The effect of anti­HLA class I antibodies on the immunological properties of human glomerular endothelial cells and their modification by mTOR inhibition or GCN2 kinase activation.

In antibody­mediated rejection (ABMR), the graft endothelium is at the forefront of the kidney transplant against the assault from the recipient's humoral immune system, and is a target of the latter. The present study investigated the effect of antibodies against human leukocyte antigen (HLA) class I (anti­HLAI) on the immunological properties of human glomerular endothelial cells. Additionally, the effect of the mammalian target of rapamycin (mTOR) complex 1 (mTORC1) inhibitor (everolimus), or the general control nonderepressible 2 kinase (GCN2K) activator (halofuginone) on anti­HLAI antibody­mediated alterations was assessed. Cell integrity was examined, an lactate dehydrogenase (LDH) release assay was performed and cleaved caspase­3 levels were determined. Furthermore, cell proliferation was analyzed by performing a bromodeoxyuridine assay and the cellular proteins involved in signal transduction or immune effector mechanisms were assessed via western blotting. IL­8, monocyte chemoattractive protein­1 (MCP­1), von Willebrand factor (vWF) and transforming growth factor­beta 1 (TGF­ß1) were assayed via ELISA. The results revealed that anti­HLAI triggered integrin signaling, activated mTOR and GCN2K, preserved cell integrity and promoted cell proliferation.

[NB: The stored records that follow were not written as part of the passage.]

definition Kinv :: "(real \<Rightarrow> real) \<Rightarrow> real \<Rightarrow> real" where
  "Kinv g r = (THE s. 0 \<le> s \<and> g s = r)"

lemma Kinv:
  assumes "class_Kinf g" "0 \<le> r" shows "0 \<le> Kinv g r" "g (Kinv g r) = r"
proof -
  have K: "class_K g" using assms(1) unfolding class_Kinf_def by auto
  obtain s where s: "0 \<le> s" "g s = r" using class_Kinf_surj[OF assms] by auto
  have "\<exists>!s. 0 \<le> s \<and> g s = r" using s class_K_inj[OF K] by blast
  then have "0 \<le> Kinv g r \<and> g (Kinv g r) = r" unfolding Kinv_def by (rule theI')
  then show "0 \<le> Kinv g r" "g (Kinv g r) = r" by auto
qed

lemma Kinv_apply:
  assumes "class_Kinf g" "0 \<le> s" shows "Kinv g (g s) = s"
proof -
  have K: "class_K g" using assms(1) unfolding class_Kinf_def by auto
  show ?thesis
    using Kinv[OF assms(1) class_K_nonneg[OF K assms(2)]] class_K_inj[OF K] assms(2) by auto
qed

lemma Kinv_ge:
  assumes "class_Kinf g" "0 \<le> s" "g s \<le> r" shows "s \<le> Kinv g r"
proof (rule ccontr)
  have K: "class_K g" using assms(1) unfolding class_Kinf_def by auto
  have r: "0 \<le> r" using class_K_nonneg[OF K assms(2)] assms(3) by auto
  assume "\<not> s \<le> Kinv g r"
  then have "g (Kinv g r) < g s" using class_K_less[OF K, of "Kinv g r" s] Kinv[OF assms(1) r] by auto
  then show False using Kinv[OF assms(1) r] assms(3) by auto
qed

lemma class_K_image_interval:
  assumes "class_K g" "0 \<le> N" shows "g ` {0..N} = {0..g N}"
proof
  show "g ` {0..N} \<subseteq> {0..g N}" using class_K_nonneg[OF assms(1)] class_K_mono[OF assms(1)] by auto
  show "{0..g N} \<subseteq> g ` {0..N}"
  proof
    fix y assume y: "y \<in> {0..g N}"
    have "continuous_on {0..N} g"
      using assms(1) unfolding class_K_def by (auto intro: continuous_on_subset)
    moreover have "g 0 \<le> y" using assms(1) y unfolding class_K_def by auto
    ultimately obtain x where "0 \<le> x" "x \<le> N" "g x = y"
      using IVT'[of g 0 y N] y assms(2) by auto
    then show "y \<in> g ` {0..N}" by auto
  qed
qed

text \<open>Continuity of the inverse is local: near \<open>r\<close> it is the inverse of the restriction of
  \<open>g\<close> to a compact interval \<open>[0, N]\<close> with \<open>g N > r\<close>.\<close>

lemma class_K_Kinv:
  assumes "class_Kinf g" shows "class_K (Kinv g)"
proof -
  have K: "class_K g" using assms(1) unfolding class_Kinf_def by auto
  have "strict_mono_on {0..} (Kinv g)"
  proof (rule strict_mono_onI)
    fix r1 r2 :: real assume r: "r1 \<in> {0..}" "r2 \<in> {0..}" "r1 < r2"
    then show "Kinv g r1 < Kinv g r2"
      using class_K_mono[OF K, of "Kinv g r2" "Kinv g r1"] Kinv[OF assms] by force
  qed
  moreover have "continuous (at r within {0..}) (Kinv g)" if r: "0 \<le> r" for r
  proof -
    obtain N where N: "0 \<le> N" "g N = r + 1" using class_Kinf_surj[OF assms, of "r + 1"] r by auto
    have "continuous_on (g ` {0..N}) (Kinv g)"
      using K Kinv_apply[OF assms]
      by (intro continuous_on_inv) (auto simp: class_K_def intro: continuous_on_subset)
    then have "continuous (at r within {0..g N}) (Kinv g)"
      using r N by (simp add: class_K_image_interval[OF K N(1)] continuous_on_eq_continuous_within)
    moreover have "at r within {0..} = at r within {0..g N}"
      by (rule at_within_nhd[where S="{..<g N}"]) (use r N in auto)
    ultimately show ?thesis by simp
  qed
  then have "continuous_on {0..} (Kinv g)"
    by (simp add: continuous_on_eq_continuous_within)
  moreover have "Kinv g 0 = 0" using Kinv_apply[OF assms, of 0] K unfolding class_K_def by auto
  ultimately show ?thesis unfolding class_K_def by simp
qed

lemma class_KL_add:
  assumes "class_KL \<beta>1" "class_KL \<beta>2" shows "class_KL (\<lambda>s t. \<beta>1 s t + \<beta>2 s t)"
  using assms unfolding class_KL_def class_L_def
  by (auto intro!: class_K_add continuous_intros add_mono simp: tendsto_add_zero)

lemma class_KL_polynomial_decay:
  assumes \<alpha>: "class_K \<alpha>" and \<phi>: "class_K \<phi>" and b: "b > 0"
  shows "class_KL (\<lambda>s t. \<alpha> (\<phi> s * (t + 1) powr (- b)))"
  unfolding class_KL_def
proof (intro conjI allI impI)
  fix t :: real assume "0 \<le> t"
  then have "class_K (\<lambda>s. (t + 1) powr (- b) * \<phi> s)" using class_K_cmult[OF \<phi>] by simp
  from class_K_compose[OF \<alpha> this] show "class_K (\<lambda>s. \<alpha> (\<phi> s * (t + 1) powr - b))"
    by (simp add: mult.commute)
next
  fix s :: real assume "0 \<le> s"
  then have \<phi>s: "0 \<le> \<phi> s" using class_K_nonneg[OF \<phi>] by simp
  have \<alpha>_cont: "continuous_on {0..} \<alpha>" using \<alpha> unfolding class_K_def by simp
  have "continuous_on {0..} (\<lambda>t. \<alpha> (\<phi> s * (t + 1) powr - b))"
    by (rule continuous_on_compose2[OF \<alpha>_cont]) (use \<phi>s in \<open>auto intro!: continuous_intros\<close>)
  moreover have "\<forall>t\<ge>0. 0 \<le> \<alpha> (\<phi> s * (t + 1) powr - b)"
    using class_K_nonneg[OF \<alpha>] \<phi>s by auto
  moreover have "\<alpha> (\<phi> s * (t2 + 1) powr - b) \<le> \<alpha> (\<phi> s * (t1 + 1) powr - b)"
    if "0 \<le> t1" "t1 \<le> t2" for t1 t2 :: real
  proof -
    have "(t2 + 1) powr - b \<le> (t1 + 1) powr - b" using that b by (intro powr_mono2') auto
    then show ?thesis using \<phi>s that by (intro class_K_mono[OF \<alpha>]) (auto intro: mult_left_mono)
  qed
  moreover have "((\<lambda>t. \<alpha> (\<phi> s * (t + 1) powr - b)) \<longlongrightarrow> 0) at_top"
  proof -
    have "((\<lambda>t::real. (t + 1) powr - b) \<longlongrightarrow> 0) at_top"
      by (rule tendsto_neg_powr) (use b filterlim_tendsto_add_at_top[OF tendsto_const filterlim_ident, of 1]
          in \<open>auto simp: add.commute\<close>)
    then have decay: "((\<lambda>t::real. \<phi> s * (t + 1) powr - b) \<longlongrightarrow> 0) at_top"
      by (rule tendsto_mult_right_zero)
    have "continuous (at 0 within {0..}) \<alpha>"
      using \<alpha>_cont by (simp add: continuous_on_eq_continuous_within)
    then have "((\<lambda>t. \<alpha> (\<phi> s * (t + 1) powr - b)) \<longlongrightarrow> \<alpha> 0) at_top"
      by (rule continuous_within_tendsto_compose[OF _ _ decay])
         (use \<phi>s in \<open>auto simp: eventually_at_top_linorder intro!: exI[of _ 0]\<close>)
    then show ?thesis using \<alpha> unfolding class_K_def by simp
  qed
  ultimately show "class_L (\<lambda>t. \<alpha> (\<phi> s * (t + 1) powr - b))"
    unfolding class_L_def by blast
qed

lemma snorm_lt_nonneg: "0 \<le> snorm_lt x t"
  unfolding snorm_lt_def by (rule Max_ge_iff[THEN iffD2]) auto

lemma norm_le_snorm_lt: "i < t \<Longrightarrow> norm (x i) \<le> snorm_lt x t"
  unfolding snorm_lt_def by (rule Max_ge_iff[THEN iffD2]) auto

lemma snorm_lt_le: "0 \<le> B \<Longrightarrow> (\<And>i. i < t \<Longrightarrow> norm (x i) \<le> B) \<Longrightarrow> snorm_lt x t \<le> B"
  unfolding snorm_lt_def by (subst Max_le_iff) auto

lemma snorm_lt_diff_le: "snorm_lt (\<lambda>i. x i - y i) t \<le> snorm_lt x t + snorm_lt y t"
proof (rule snorm_lt_le)
  show "0 \<le> snorm_lt x t + snorm_lt y t" by (simp add: snorm_lt_nonneg)
  show "norm (x i - y i) \<le> snorm_lt x t + snorm_lt y t" if "i < t" for i
    using norm_triangle_ineq4[of "x i" "y i"] norm_le_snorm_lt[OF that, of x]
      norm_le_snorm_lt[OF that, of y] by linarith
qed

lemma snorm_le_nonneg: "0 \<le> snorm_le x t"
  unfolding snorm_le_def by (rule snorm_lt_nonneg)

lemma snorm_le_cong: "(\<And>i. i \<le> t \<Longrightarrow> x i = y i) \<Longrightarrow> snorm_le x t = snorm_le y t"
  unfolding snorm_le_def snorm_lt_def
  by (auto simp: less_Suc_eq_le intro!: arg_cong[where f=Max] image_cong)

lemma snorm_le_diff_le: "snorm_le (\<lambda>i. x i - y i) t \<le> snorm_le x t + snorm_le y t"
  unfolding snorm_le_def by (rule snorm_lt_diff_le)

Additionally, by increasing intercellular adhesion molecule 1 (ICAM­1), HLA­DR, IL­8 and MCP­1 levels, anti­HLAI enhanced the ability of immune cells to interact with endothelial cells thus facilitating graft rejection. Contrarily, by upregulating CD46 and CD59, anti­HLAI rendered the endothelium less vulnerable to complement­mediated injury. Finally, by enhancing vWF and TGF­ß1, anti­HLAI may render the endothelium prothrombotic and facilitate fibrosis and graft failure, respectively. According to our results, mTORC1 inhibition and GCN2K activation may prove useful pharmaceutical targets, as they prevent cell proliferation and downregulate ICAM­1, IL­8, MCP­1 and TGF­ß1. mTORC1 inhibition also decreases vWF.